**Work instruction:** Go through the records and report each line in which the word "dots" occurs.

**Listed entries:**
--------------------------------------------------
text \<open>A family minimal in \<open>A \<union> C\<close> splits into an old part, minimal in \<open>A\<close> and refined by
  the words \<open>R\<close> of \<open>C\<close> extending it, and a new part inside \<open>C\<close>; the near-optimality of \<open>C\<close>
  bounds the new part together with \<open>R\<close>.\<close>
lemma prefix_minimal_cover_weight_step:
  assumes dU: "disjoint U"
    and words: "A \<subseteq> long_words U N" "C \<subseteq> long_words U N"
    and C: "E \<subseteq> cyl_union X T C" "cover_weight X T f s C \<le> MNs X T N s U f E + \<delta>"
      "cover_weight X T f s C \<noteq> \<infinity>"
    and IH: "\<And>G D. G \<subseteq> prefix_minimal A \<Longrightarrow> D \<subseteq> long_words U N \<Longrightarrow>
      E \<inter> cyl_union X T G \<subseteq> cyl_union X T D \<Longrightarrow> cover_weight X T f s G \<le> cover_weight X T f s D + S"
    and G: "G \<subseteq> prefix_minimal (A \<union> C)"
    and D: "D \<subseteq> long_words U N" "E \<inter> cyl_union X T G \<subseteq> cyl_union X T D"
  shows "cover_weight X T f s G \<le> cover_weight X T f s D + \<delta> + S"
proof -
  let ?w = "cover_weight X T f s"
  define Gold where "Gold = G - C"
  define Gnew where "Gnew = G \<inter> C"
  define R where "R = {c \<in> C. \<exists>g\<in>Gold. prefix g c}"
  have G_sub: "G \<subseteq> A \<union> C" and minimal: "\<And>u g. u \<in> A \<union> C \<Longrightarrow> g \<in> G \<Longrightarrow> prefix u g \<Longrightarrow> u = g"
    using G by (auto simp: prefix_minimal_def)
  have "Gold \<subseteq> prefix_minimal A"
    using G G_sub prefix_minimal_antimono[of A "A \<union> C"] by (auto simp: Gold_def)
  moreover have "E \<inter> cyl_union X T Gold \<subseteq> cyl_union X T R"
  proof
    fix x assume "x \<in> E \<inter> cyl_union X T Gold"
    then obtain g c where g: "g \<in> Gold" "x \<in> cyl X T g" and c: "c \<in> C" "x \<in> cyl X T c"
      using C(1) by blast
    have "prefix g c \<or> prefix c g"
      using prefix_if_cyl_meet[OF dU _ _ g(2) c(2)] g(1) c(1) G_sub words
      by (auto simp: Gold_def dest!: set_long_word)
    then have "prefix g c"
      using minimal[of c g] c(1) g(1) by (auto simp: Gold_def)
    then show "x \<in> cyl_union X T R"
      using c g(1) by (auto simp: R_def)
  qed
  ultimately have old: "?w Gold \<le> ?w R + S"
    using words(2) by (intro IH) (auto simp: R_def)
  have disjoint_new: "Gnew \<inter> R = {}"
  proof (rule ccontr)
    assume "Gnew \<inter> R \<noteq> {}"
    then obtain c g where "c \<in> G" "c \<in> C" "g \<in> Gold" "prefix g c"
      by (auto simp: Gnew_def R_def)
    moreover from this have "g = c"
      using minimal G_sub by (auto simp: Gold_def)
    ultimately show False by (simp add: Gold_def)
  qed
  have "cyl_union X T R \<subseteq> cyl_union X T G"
    using cyl_antimono_prefix by (fastforce simp: R_def Gold_def)
  then have "E \<inter> cyl_union X T (Gnew \<union> R) \<subseteq> cyl_union X T D"
    using D(2) by (auto simp: Gnew_def)
  then have new: "?w (Gnew \<union> R) \<le> ?w D + \<delta>"
    using words(2) C D(1) by (intro near_optimal_cover_part_le) (auto simp: Gnew_def R_def)
  have "G = Gold \<union> Gnew" "Gold \<inter> Gnew = {}"
    by (auto simp: Gold_def Gnew_def)
  then have "?w G = ?w Gold + ?w Gnew"
    using cover_weight_Un_disjoint by metis
  also have "\<dots> \<le> ?w R + S + ?w Gnew"
    using old by (rule add_right_mono)
  also have "\<dots> = ?w (Gnew \<union> R) + S"
    using cover_weight_Un_disjoint[OF disjoint_new] by (simp add: ac_simps)
  also have "\<dots> \<le> ?w D + \<delta> + S"
    using new by (rule add_right_mono)
  finally show ?thesis .
qed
--------------------------------------------------
**Result:**
  also have "\<dots> \<le> ?w R + S + ?w Gnew"
  also have "\<dots> = ?w (Gnew \<union> R) + S"
  also have "\<dots> \<le> ?w D + \<delta> + S"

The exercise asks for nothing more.